* EXERCISE *
Your answer must contain only the lines from the one containing "fixes n p :: nat" through the end of the entries below, reproduced character for character.
### INFORMATION SUPPLIED ###
(* Consider the iterative minimum repairing algorithm IMR($p$) described in the context, but run with a static parameter: instead of re-estimating the parameter in step (S1), a fixed vector $\phi=(\phi_1,\dots,\phi_p)\in\mathbb{R}^p$ is used in every iteration, i.e. $\phi^{(k)}=\phi$ for all $k\ge 0$. Then the repair result converges, i.e. $$\lim_{k\to+\infty}\sum_{i=1}^n\left(y_i^{(k+1)}-y_i^{(k)}\right)=0.$$
   Context: Let $n\ge 1$ and let $x=(x_1,\dots,x_n)\in\mathbb{R}^n$ be an observed time series. A set $L\subseteq\{1,\dots,n\}$ of labeled indices is given, together with labeled (true) values $y^{(0)}_t$ for $t\in L$. For $t\notin L$ put $y^{(0)}_t=x_t$. Fix an order $p\ge 1$ and a threshold $\tau\ge 0$. The algorithm IMR($p$) produces sequences $y^{(k)}=(y^{(k)}_1,\dots,y^{(k)}_n)$, $k=0,1,2,\dots$; write $z^{(k)}_t=y^{(k)}_t-x_t$. In iteration $k$: (S1) a parameter $\phi^{(k)}=(\phi^{(k)}_1,\dots,\phi^{(k)}_p)$ is obtained (normally by ordinary least squares from $z^{(k)}$; here it is the fixed $\phi$). (S2) For each $t\in\{p+1,\dots,n\}\setminus L$ compute the candidate $\hat y^{(k)}_t=\sum_{i=1}^p\phi^{(k)}_i z^{(k)}_{t-i}+x_t$; index $t$ is a candidate only if $|\hat y^{(k)}_t-y^{(k)}_t|>\tau$. (S3) If there is at least one candidate, choose a candidate $t^*$ minimizing $|\hat y^{(k)}_t-x_t|$ (ties broken arbitrarily), set $y^{(k+1)}_{t^*}=\hat y^{(k)}_{t^*}$ and $y^{(k+1)}_t=y^{(k)}_t$ for $t\ne t^*$. If there is no candidate, the algorithm terminates and we set $y^{(k+1)}=y^{(k)}$ (so the sequence is constant from then on). In particular labeled values and the first $p$ values are never modified. *)

theory Defs
  imports Complex_Main
begin

(* Series are functions nat => real, meaningful on indices 1..n.
   The parameter phi is a function nat => real, meaningful on indices 1..p. *)

definition imr_hat :: "(nat \<Rightarrow> real) \<Rightarrow> (nat \<Rightarrow> real) \<Rightarrow> nat \<Rightarrow> (nat \<Rightarrow> real) \<Rightarrow> nat \<Rightarrow> real" where
  "imr_hat x phi p y t = (\<Sum>i=1..p. phi i * (y (t - i) - x (t - i))) + x t"

definition imr_cand :: "nat \<Rightarrow> (nat \<Rightarrow> real) \<Rightarrow> nat set \<Rightarrow> (nat \<Rightarrow> real) \<Rightarrow> nat \<Rightarrow> real \<Rightarrow> (nat \<Rightarrow> real) \<Rightarrow> nat set" where
  "imr_cand n x L phi p tau y =
     {t \<in> {p+1..n} - L. \<bar>imr_hat x phi p y t - y t\<bar> > tau}"

(* One iteration (S2)-(S3) of IMR(p) with parameter phi; ties broken arbitrarily,
   hence a relation rather than a function. *)
definition imr_step :: "nat \<Rightarrow> (nat \<Rightarrow> real) \<Rightarrow> nat set \<Rightarrow> (nat \<Rightarrow> real) \<Rightarrow> nat \<Rightarrow> real \<Rightarrow> (nat \<Rightarrow> real) \<Rightarrow> (nat \<Rightarrow> real) \<Rightarrow> bool" where
  "imr_step n x L phi p tau y y' \<longleftrightarrow>
     (imr_cand n x L phi p tau y = {} \<and> y' = y) \<or>
     (\<exists>t \<in> imr_cand n x L phi p tau y.
        (\<forall>s \<in> imr_cand n x L phi p tau y.
           \<bar>imr_hat x phi p y t - x t\<bar> \<le> \<bar>imr_hat x phi p y s - x s\<bar>) \<and>
        y' = y(t := imr_hat x phi p y t))"

definition imr_init :: "(nat \<Rightarrow> real) \<Rightarrow> nat set \<Rightarrow> (nat \<Rightarrow> real) \<Rightarrow> (nat \<Rightarrow> real)" where
  "imr_init x L ylab = (\<lambda>t. if t \<in> L then ylab t else x t)"

end

theory Submission
  imports Defs
begin

text \<open>With a fixed parameter, each step of IMR rewrites a single unlabeled index \<open>t\<close> with a
  value that depends only on the entries before \<open>t\<close>. By strong induction on \<open>t\<close>, once all
  entries before \<open>t\<close> have settled, every later step leaves entry \<open>t\<close> alone or sets it to one
  fixed value, so entry \<open>t\<close> settles as well. Hence the whole repair becomes constant after
  finitely many steps, and its increments are eventually \<open>0\<close>. Neither the threshold, the
  initial values nor the tie-breaking rule plays any role.\<close>

lemma imr_hat_cong:
  assumes "t \<ge> 1" and "\<And>s. s < t \<Longrightarrow> y s = y' s"
  shows "imr_hat x phi p y t = imr_hat x phi p y' t"
  unfolding imr_hat_def using assms by (intro arg_cong[where f="\<lambda>a. a + x t"] sum.cong) auto

lemma imr_step_cases:
  assumes "imr_step n x L phi p tau y y'"
  shows "y' = y \<or> (\<exists>t\<in>{p+1..n} - L. y' = y(t := imr_hat x phi p y t))"
  using assms unfolding imr_step_def imr_cand_def by auto

lemma eventually_const_if_steps_to:
  assumes "\<And>k. k \<ge> K \<Longrightarrow> a (Suc k) = a k \<or> a (Suc k) = h"
  shows "\<exists>c. \<forall>\<^sub>F k in sequentially. a k = c"
proof (cases "\<exists>k\<ge>K. a k = h")
  case True
  then obtain k\<^sub>0 where "k\<^sub>0 \<ge> K" "a k\<^sub>0 = h" by blast
  have "a k = h" if "k \<ge> k\<^sub>0" for k
    using that
  proof (induction k rule: dec_induct)
    case (step m)
    then show ?case using assms[of m] \<open>k\<^sub>0 \<ge> K\<close> by auto
  qed fact
  then show ?thesis unfolding eventually_sequentially by blast
next
  case False
  have "a k = a K" if "k \<ge> K" for k
    using that by (induction k rule: dec_induct) (use assms False in force)+
  then show ?thesis unfolding eventually_sequentially by blast
qed

lemma single_updates_eventually_const:
  fixes Y :: "nat \<Rightarrow> nat \<Rightarrow> 'a"
  assumes step: "\<And>k. Y (Suc k) = Y k \<or> (\<exists>t\<in>C. Y (Suc k) = (Y k)(t := f (Y k) t))"
    and causal: "\<And>y y' t. t \<in> C \<Longrightarrow> (\<And>s. s < t \<Longrightarrow> y s = y' s) \<Longrightarrow> f y t = f y' t"
  shows "\<exists>c. \<forall>\<^sub>F k in sequentially. Y k t = c"
proof (induction t rule: less_induct)
  case (less t)
  show ?case
  proof (cases "t \<in> C")
    case False
    have "Y k t = Y 0 t" for k
    proof (induction k)
      case (Suc k)
      then show ?case using step[of k] False by (auto simp: fun_upd_apply)
    qed simp
    then show ?thesis by (intro exI[of _ "Y 0 t"]) simp
  next
    case True
    have "\<forall>s\<in>{..<t}. \<exists>c. \<forall>\<^sub>F k in sequentially. Y k s = c"
      using less by blast
    then obtain c where "\<forall>s\<in>{..<t}. \<forall>\<^sub>F k in sequentially. Y k s = c s"
      by (metis bchoice)
    then have "\<forall>\<^sub>F k in sequentially. \<forall>s\<in>{..<t}. Y k s = c s"
      by (rule eventually_ball_finite[rotated]) simp
    then obtain K where K: "\<And>k s. k \<ge> K \<Longrightarrow> s < t \<Longrightarrow> Y k s = c s"
      unfolding eventually_sequentially by blast
    have "Y (Suc k) t = Y k t \<or> Y (Suc k) t = f (Y K) t" if "k \<ge> K" for k
    proof -
      have "f (Y k) t = f (Y K) t"
        by (rule causal[OF True]) (simp add: K that)
      then show ?thesis
        using step[of k] by (cases "Y (Suc k) = Y k") (auto simp: fun_upd_apply split: if_splits)
    qed
    then show ?thesis by (rule eventually_const_if_steps_to)
  qed
qed

theorem proposition1:
  fixes n p :: nat and x ylab phi :: "nat \<Rightarrow> real" and L :: "nat set"
    and tau :: real and Y :: "nat \<Rightarrow> nat \<Rightarrow> real"
  assumes "n \<ge> 1" and "p \<ge> 1" and "tau \<ge> 0" and "L \<subseteq> {1..n}"
    and "Y 0 = imr_init x L ylab"
    and "\<And>k. imr_step n x L phi p tau (Y k) (Y (Suc k))"
  shows "(\<lambda>k. \<Sum>i=1..n. Y (Suc k) i - Y k i) \<longlonglongrightarrow> 0"
proof -
  have "\<exists>c. \<forall>\<^sub>F k in sequentially. Y k i = c" for i
  proof (rule single_updates_eventually_const)
    show "Y (Suc k) = Y k \<or> (\<exists>t\<in>{p+1..n} - L. Y (Suc k) = (Y k)(t := imr_hat x phi p (Y k) t))" for k
      by (rule imr_step_cases) fact
    show "imr_hat x phi p y t = imr_hat x phi p y' t"
      if "t \<in> {p+1..n} - L" and "\<And>s. s < t \<Longrightarrow> y s = y' s" for y y' t
      using that by (intro imr_hat_cong) auto
  qed
  then obtain c where "\<forall>i. \<forall>\<^sub>F k in sequentially. Y k i = c i"
    by metis
  then have settled: "\<forall>\<^sub>F k in sequentially. \<forall>i\<in>{1..n}. Y k i = c i"
    by (intro eventually_ball_finite) auto
  moreover have "\<forall>\<^sub>F k in sequentially. \<forall>i\<in>{1..n}. Y (Suc k) i = c i"
    using settled by (subst eventually_sequentially_Suc)
  ultimately have "\<forall>\<^sub>F k in sequentially. (\<Sum>i=1..n. Y (Suc k) i - Y k i) = 0"
    by eventually_elim simp
  then show ?thesis
    by (rule tendsto_eventually)
qed

end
###
* RESPONSE AREA *
  fixes n p :: nat and x ylab phi :: "nat \<Rightarrow> real" and L :: "nat set"
    and tau :: real and Y :: "nat \<Rightarrow> nat \<Rightarrow> real"
  assumes "n \<ge> 1" and "p \<ge> 1" and "tau \<ge> 0" and "L \<subseteq> {1..n}"
    and "Y 0 = imr_init x L ylab"
    and "\<And>k. imr_step n x L phi p tau (Y k) (Y (Suc k))"
  shows "(\<lambda>k. \<Sum>i=1..n. Y (Suc k) i - Y k i) \<longlonglongrightarrow> 0"
proof -
  have "\<exists>c. \<forall>\<^sub>F k in sequentially. Y k i = c" for i
  proof (rule single_updates_eventually_const)
    show "Y (Suc k) = Y k \<or> (\<exists>t\<in>{p+1..n} - L. Y (Suc k) = (Y k)(t := imr_hat x phi p (Y k) t))" for k
      by (rule imr_step_cases) fact
    show "imr_hat x phi p y t = imr_hat x phi p y' t"
      if "t \<in> {p+1..n} - L" and "\<And>s. s < t \<Longrightarrow> y s = y' s" for y y' t
      using that by (intro imr_hat_cong) auto
  qed
  then obtain c where "\<forall>i. \<forall>\<^sub>F k in sequentially. Y k i = c i"
    by metis
  then have settled: "\<forall>\<^sub>F k in sequentially. \<forall>i\<in>{1..n}. Y k i = c i"
    by (intro eventually_ball_finite) auto
  moreover have "\<forall>\<^sub>F k in sequentially. \<forall>i\<in>{1..n}. Y (Suc k) i = c i"
    using settled by (subst eventually_sequentially_Suc)
  ultimately have "\<forall>\<^sub>F k in sequentially. (\<Sum>i=1..n. Y (Suc k) i - Y k i) = 0"
    by eventually_elim simp
  then show ?thesis
    by (rule tendsto_eventually)
qed

end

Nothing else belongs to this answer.